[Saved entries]

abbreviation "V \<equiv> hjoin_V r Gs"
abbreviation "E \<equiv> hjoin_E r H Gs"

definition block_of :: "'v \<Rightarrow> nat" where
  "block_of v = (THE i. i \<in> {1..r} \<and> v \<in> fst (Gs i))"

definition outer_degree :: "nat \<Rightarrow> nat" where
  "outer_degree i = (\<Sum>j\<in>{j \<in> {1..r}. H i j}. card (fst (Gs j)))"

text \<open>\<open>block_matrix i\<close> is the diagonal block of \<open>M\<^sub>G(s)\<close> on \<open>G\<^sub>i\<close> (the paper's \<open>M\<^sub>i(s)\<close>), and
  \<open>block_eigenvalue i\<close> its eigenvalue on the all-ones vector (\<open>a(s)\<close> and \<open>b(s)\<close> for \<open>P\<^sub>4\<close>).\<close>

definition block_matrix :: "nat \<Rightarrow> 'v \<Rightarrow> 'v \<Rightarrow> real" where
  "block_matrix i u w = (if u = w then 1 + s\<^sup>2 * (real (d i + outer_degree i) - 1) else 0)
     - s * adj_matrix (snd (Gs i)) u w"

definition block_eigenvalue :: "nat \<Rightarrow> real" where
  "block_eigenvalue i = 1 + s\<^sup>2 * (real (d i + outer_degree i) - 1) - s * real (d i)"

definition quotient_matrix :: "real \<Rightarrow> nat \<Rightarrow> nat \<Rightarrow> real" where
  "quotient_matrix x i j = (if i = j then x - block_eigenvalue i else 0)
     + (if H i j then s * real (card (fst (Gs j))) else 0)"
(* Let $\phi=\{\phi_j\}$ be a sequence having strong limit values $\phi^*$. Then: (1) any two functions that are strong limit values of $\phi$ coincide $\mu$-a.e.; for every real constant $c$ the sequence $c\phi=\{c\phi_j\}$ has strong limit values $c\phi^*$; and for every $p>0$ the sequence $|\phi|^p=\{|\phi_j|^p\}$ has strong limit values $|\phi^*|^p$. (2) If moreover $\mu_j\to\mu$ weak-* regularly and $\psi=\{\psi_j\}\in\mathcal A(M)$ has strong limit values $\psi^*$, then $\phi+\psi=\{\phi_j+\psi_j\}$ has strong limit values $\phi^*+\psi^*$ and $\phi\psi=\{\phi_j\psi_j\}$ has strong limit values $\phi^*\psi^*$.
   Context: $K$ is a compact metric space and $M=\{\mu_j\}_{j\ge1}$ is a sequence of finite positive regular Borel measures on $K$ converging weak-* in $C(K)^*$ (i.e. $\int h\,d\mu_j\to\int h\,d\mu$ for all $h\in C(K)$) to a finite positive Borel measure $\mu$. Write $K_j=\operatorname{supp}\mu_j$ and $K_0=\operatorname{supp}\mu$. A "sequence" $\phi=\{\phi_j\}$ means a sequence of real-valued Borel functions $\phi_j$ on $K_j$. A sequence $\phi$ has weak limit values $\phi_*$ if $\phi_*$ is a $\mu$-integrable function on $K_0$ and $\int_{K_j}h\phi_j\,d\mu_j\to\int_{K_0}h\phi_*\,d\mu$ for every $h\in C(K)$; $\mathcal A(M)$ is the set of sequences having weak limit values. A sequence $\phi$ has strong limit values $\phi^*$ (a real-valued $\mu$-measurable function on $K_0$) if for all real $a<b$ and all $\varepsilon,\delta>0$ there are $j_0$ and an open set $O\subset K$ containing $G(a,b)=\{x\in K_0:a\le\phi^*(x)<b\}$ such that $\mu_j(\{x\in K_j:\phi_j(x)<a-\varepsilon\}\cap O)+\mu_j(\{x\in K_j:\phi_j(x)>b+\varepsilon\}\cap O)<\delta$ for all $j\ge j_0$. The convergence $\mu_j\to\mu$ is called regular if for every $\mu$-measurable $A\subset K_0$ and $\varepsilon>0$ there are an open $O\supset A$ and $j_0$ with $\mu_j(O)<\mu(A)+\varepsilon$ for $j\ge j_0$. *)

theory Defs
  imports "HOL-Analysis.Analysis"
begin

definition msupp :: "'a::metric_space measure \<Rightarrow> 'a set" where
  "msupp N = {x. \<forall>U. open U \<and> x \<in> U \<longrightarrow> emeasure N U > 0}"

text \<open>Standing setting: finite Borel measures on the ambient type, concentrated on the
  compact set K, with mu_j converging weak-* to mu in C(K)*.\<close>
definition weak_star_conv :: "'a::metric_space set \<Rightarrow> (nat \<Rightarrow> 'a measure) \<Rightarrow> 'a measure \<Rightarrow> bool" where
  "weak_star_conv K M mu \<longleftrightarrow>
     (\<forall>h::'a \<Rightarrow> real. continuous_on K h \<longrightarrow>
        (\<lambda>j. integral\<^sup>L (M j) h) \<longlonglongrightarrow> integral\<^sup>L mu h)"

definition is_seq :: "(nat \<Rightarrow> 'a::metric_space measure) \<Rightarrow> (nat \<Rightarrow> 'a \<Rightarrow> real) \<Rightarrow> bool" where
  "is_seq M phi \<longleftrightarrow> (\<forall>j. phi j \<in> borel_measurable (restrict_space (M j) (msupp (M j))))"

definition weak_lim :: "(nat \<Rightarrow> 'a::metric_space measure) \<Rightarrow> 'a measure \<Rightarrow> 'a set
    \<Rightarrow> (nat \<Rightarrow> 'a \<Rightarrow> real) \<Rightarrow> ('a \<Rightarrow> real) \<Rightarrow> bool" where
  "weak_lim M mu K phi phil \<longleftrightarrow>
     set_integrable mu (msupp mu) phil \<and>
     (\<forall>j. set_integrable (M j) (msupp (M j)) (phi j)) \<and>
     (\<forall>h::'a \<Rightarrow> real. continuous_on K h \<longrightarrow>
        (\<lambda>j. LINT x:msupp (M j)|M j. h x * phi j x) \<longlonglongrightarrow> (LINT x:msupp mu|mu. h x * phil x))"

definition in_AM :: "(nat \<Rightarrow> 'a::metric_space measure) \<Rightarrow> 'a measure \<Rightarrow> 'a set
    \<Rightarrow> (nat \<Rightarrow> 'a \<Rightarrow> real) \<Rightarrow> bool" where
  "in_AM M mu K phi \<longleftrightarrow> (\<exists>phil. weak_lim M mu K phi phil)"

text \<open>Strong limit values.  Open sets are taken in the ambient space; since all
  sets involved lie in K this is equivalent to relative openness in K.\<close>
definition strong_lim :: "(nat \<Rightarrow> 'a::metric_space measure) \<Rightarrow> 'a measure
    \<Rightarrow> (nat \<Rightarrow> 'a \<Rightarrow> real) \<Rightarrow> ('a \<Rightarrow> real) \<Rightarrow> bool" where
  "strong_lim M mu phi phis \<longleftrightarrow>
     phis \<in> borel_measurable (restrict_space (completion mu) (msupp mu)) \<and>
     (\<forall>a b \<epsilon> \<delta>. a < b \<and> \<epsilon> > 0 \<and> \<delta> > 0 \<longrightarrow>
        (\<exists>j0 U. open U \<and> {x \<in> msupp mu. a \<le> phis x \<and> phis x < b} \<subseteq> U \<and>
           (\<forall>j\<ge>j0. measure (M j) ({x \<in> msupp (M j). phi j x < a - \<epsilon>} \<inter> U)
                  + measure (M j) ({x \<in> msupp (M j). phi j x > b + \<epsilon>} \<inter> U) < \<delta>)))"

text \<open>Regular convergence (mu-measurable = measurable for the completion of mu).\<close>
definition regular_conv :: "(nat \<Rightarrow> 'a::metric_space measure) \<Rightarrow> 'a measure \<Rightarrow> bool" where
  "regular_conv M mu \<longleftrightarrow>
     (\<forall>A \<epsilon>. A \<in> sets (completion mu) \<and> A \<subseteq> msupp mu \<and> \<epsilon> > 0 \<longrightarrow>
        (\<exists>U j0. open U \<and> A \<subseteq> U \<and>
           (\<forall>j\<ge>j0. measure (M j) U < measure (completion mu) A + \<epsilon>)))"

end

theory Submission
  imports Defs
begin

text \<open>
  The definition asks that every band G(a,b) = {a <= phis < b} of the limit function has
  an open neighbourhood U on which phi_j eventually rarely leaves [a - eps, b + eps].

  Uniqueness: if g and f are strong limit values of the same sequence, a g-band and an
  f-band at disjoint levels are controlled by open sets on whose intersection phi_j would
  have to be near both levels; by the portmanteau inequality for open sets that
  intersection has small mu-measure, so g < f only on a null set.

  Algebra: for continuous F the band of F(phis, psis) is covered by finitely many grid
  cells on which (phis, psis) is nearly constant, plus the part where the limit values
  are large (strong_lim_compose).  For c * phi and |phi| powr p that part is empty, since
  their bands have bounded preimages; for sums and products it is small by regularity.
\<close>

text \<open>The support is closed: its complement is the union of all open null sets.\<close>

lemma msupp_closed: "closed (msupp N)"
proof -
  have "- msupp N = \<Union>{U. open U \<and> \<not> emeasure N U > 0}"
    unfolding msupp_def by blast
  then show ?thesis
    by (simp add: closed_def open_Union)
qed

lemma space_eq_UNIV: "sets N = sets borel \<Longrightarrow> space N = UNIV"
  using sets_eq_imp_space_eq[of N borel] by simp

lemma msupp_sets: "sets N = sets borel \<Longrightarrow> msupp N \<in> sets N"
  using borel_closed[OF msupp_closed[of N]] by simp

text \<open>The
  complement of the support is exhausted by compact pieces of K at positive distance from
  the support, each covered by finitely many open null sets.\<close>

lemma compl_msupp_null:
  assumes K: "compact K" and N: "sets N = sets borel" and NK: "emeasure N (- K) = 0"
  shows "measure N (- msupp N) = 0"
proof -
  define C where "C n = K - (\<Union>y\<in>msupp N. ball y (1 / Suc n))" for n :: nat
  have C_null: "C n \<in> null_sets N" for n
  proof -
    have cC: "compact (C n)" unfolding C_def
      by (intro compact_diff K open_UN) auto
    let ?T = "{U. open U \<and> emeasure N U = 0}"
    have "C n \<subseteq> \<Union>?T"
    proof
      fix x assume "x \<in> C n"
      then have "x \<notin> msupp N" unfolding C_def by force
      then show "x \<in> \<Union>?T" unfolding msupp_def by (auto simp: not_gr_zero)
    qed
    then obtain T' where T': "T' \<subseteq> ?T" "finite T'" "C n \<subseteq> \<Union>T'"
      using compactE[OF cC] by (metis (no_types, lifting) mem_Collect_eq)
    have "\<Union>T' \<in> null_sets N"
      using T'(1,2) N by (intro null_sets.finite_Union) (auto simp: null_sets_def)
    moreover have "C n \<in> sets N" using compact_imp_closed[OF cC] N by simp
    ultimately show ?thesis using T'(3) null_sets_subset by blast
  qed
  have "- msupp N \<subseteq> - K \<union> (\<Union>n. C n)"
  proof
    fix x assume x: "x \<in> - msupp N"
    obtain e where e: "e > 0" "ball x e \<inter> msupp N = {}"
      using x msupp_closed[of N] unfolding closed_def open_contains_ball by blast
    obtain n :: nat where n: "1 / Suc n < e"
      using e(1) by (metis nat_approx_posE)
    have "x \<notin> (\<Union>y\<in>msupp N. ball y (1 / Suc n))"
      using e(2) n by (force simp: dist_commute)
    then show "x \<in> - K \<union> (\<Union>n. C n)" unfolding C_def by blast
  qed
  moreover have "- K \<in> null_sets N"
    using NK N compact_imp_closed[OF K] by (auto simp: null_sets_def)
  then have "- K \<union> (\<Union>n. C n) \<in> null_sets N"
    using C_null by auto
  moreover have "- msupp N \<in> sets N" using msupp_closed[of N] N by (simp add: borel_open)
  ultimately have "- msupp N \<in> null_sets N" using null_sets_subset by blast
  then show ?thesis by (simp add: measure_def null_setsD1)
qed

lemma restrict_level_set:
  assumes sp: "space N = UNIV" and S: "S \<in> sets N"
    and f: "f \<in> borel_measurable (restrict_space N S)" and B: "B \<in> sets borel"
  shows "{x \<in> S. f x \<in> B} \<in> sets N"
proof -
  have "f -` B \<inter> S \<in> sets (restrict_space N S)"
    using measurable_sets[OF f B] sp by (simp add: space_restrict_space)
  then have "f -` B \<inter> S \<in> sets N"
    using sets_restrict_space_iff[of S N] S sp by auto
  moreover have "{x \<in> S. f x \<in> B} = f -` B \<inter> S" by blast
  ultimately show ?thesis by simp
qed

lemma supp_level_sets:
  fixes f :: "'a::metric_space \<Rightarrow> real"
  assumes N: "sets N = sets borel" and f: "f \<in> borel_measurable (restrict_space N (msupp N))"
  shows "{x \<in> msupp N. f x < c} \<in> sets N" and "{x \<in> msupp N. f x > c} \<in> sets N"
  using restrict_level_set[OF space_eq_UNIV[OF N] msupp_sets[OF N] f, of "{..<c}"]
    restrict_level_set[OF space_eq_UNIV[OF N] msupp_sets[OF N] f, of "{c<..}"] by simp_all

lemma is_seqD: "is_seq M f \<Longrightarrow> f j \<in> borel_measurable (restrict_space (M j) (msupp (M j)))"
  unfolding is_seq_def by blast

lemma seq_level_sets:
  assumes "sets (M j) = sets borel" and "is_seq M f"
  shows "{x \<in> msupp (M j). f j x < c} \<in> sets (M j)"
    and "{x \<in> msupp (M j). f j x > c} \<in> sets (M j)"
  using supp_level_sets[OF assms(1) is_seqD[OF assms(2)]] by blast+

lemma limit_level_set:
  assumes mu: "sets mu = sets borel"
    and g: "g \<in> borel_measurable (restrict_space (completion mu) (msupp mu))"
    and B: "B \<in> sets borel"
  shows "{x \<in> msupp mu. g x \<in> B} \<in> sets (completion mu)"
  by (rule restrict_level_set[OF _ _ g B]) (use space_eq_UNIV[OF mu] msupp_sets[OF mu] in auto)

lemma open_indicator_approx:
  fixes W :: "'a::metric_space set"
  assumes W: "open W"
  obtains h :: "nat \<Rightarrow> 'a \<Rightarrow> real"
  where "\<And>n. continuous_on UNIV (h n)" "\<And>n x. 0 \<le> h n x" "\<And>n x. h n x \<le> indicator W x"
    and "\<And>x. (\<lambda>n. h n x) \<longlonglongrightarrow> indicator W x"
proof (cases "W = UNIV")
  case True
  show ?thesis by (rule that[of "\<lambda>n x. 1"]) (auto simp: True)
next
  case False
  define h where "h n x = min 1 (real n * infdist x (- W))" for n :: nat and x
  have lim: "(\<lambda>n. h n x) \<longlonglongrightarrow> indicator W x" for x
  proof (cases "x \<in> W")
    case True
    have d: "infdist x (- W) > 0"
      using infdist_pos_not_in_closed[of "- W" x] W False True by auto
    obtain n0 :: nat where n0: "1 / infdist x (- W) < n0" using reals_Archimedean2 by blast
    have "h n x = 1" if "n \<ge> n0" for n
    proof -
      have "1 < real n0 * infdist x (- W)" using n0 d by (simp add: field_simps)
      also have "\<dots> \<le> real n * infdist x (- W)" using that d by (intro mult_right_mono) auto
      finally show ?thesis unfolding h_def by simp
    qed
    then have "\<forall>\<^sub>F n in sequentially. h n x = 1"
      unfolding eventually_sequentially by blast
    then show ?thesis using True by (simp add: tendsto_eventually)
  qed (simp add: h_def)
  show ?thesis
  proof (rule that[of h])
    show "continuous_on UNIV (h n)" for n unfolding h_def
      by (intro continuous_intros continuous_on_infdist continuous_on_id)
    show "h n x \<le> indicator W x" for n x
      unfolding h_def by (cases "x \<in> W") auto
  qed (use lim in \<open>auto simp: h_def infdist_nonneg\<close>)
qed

# Problem description
Only the lines above from the one with "f-band at disjoint" through the one with "U \<and> emeasure" should be duplicated, character for character.

# Completed task
  f-band at disjoint levels are controlled by open sets on whose intersection phi_j would
  have to be near both levels; by the portmanteau inequality for open sets that
  intersection has small mu-measure, so g < f only on a null set.

  Algebra: for continuous F the band of F(phis, psis) is covered by finitely many grid
  cells on which (phis, psis) is nearly constant, plus the part where the limit values
  are large (strong_lim_compose).  For c * phi and |phi| powr p that part is empty, since
  their bands have bounded preimages; for sums and products it is small by regularity.
\<close>

text \<open>The support is closed: its complement is the union of all open null sets.\<close>

lemma msupp_closed: "closed (msupp N)"
proof -
  have "- msupp N = \<Union>{U. open U \<and> \<not> emeasure N U > 0}"
    unfolding msupp_def by blast
  then show ?thesis
    by (simp add: closed_def open_Union)
qed

lemma space_eq_UNIV: "sets N = sets borel \<Longrightarrow> space N = UNIV"
  using sets_eq_imp_space_eq[of N borel] by simp

lemma msupp_sets: "sets N = sets borel \<Longrightarrow> msupp N \<in> sets N"
  using borel_closed[OF msupp_closed[of N]] by simp

text \<open>The
  complement of the support is exhausted by compact pieces of K at positive distance from
  the support, each covered by finitely many open null sets.\<close>

lemma compl_msupp_null:
  assumes K: "compact K" and N: "sets N = sets borel" and NK: "emeasure N (- K) = 0"
  shows "measure N (- msupp N) = 0"
proof -
  define C where "C n = K - (\<Union>y\<in>msupp N. ball y (1 / Suc n))" for n :: nat
  have C_null: "C n \<in> null_sets N" for n
  proof -
    have cC: "compact (C n)" unfolding C_def
      by (intro compact_diff K open_UN) auto
    let ?T = "{U. open U \<and> emeasure N U = 0}"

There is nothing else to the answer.